YOUR TASK: Among the records below, find the line that has "by (simp add: emp_risk_def"; from there, give the lines again exactly, and stop after the line that has "e * (\<Sum>s=1..n.".

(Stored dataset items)
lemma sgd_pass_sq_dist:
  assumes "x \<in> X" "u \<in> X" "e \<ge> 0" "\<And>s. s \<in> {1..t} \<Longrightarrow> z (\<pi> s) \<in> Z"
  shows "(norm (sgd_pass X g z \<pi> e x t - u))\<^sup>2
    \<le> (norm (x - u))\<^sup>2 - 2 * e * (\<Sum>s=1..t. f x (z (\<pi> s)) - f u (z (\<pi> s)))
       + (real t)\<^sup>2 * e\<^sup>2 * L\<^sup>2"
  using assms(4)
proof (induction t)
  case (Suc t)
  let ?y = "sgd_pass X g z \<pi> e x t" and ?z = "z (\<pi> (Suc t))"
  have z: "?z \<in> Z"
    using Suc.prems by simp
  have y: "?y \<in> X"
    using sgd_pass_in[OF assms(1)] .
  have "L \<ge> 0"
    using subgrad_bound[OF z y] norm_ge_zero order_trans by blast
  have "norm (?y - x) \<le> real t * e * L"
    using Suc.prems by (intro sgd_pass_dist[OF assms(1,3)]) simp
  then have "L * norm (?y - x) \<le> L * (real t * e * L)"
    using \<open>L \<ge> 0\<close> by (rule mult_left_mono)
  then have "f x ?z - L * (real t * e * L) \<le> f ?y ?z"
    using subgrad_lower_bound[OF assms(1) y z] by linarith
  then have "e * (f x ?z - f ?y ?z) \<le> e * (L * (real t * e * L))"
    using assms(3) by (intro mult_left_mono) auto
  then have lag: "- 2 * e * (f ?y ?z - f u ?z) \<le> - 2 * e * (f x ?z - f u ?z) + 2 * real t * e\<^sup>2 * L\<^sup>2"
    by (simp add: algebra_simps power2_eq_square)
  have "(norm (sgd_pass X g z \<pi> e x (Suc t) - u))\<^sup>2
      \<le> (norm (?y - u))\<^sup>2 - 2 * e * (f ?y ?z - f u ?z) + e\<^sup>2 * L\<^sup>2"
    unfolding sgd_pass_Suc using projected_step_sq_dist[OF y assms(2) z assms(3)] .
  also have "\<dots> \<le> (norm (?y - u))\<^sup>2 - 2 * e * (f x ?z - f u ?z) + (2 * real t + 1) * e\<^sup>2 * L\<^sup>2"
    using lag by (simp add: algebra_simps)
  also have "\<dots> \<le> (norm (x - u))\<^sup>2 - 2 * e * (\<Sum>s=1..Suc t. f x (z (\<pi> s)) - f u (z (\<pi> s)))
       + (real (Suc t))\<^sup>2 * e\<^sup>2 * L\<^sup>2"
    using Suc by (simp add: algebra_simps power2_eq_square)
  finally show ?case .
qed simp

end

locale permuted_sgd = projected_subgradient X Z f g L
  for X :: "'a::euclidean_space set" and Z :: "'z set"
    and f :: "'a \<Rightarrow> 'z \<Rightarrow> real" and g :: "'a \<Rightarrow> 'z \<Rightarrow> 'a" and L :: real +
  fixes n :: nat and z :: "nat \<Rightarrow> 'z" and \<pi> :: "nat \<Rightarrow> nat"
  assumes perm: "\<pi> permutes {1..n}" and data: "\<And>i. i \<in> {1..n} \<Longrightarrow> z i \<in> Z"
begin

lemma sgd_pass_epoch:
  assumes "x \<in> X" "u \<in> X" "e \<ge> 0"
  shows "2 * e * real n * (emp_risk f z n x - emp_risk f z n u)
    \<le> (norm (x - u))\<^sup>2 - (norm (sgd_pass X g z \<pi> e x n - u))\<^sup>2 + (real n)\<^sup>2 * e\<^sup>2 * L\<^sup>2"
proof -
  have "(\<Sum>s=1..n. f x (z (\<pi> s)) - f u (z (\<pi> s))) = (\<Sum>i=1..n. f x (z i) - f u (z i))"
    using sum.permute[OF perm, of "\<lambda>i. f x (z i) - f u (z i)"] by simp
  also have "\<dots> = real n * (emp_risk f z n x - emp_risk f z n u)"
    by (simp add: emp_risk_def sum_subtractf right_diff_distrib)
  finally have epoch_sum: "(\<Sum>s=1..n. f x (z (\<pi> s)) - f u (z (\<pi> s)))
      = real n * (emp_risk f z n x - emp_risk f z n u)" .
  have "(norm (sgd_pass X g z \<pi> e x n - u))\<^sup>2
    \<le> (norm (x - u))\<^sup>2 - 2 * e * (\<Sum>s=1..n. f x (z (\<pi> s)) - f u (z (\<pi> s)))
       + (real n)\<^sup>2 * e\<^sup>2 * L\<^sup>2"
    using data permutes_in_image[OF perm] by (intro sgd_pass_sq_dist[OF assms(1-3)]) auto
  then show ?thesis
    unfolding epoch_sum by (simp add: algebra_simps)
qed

EXERCISE RESULT:
    by (simp add: emp_risk_def sum_subtractf right_diff_distrib)
  finally have epoch_sum: "(\<Sum>s=1..n. f x (z (\<pi> s)) - f u (z (\<pi> s)))
      = real n * (emp_risk f z n x - emp_risk f z n u)" .
  have "(norm (sgd_pass X g z \<pi> e x n - u))\<^sup>2
    \<le> (norm (x - u))\<^sup>2 - 2 * e * (\<Sum>s=1..n. f x (z (\<pi> s)) - f u (z (\<pi> s)))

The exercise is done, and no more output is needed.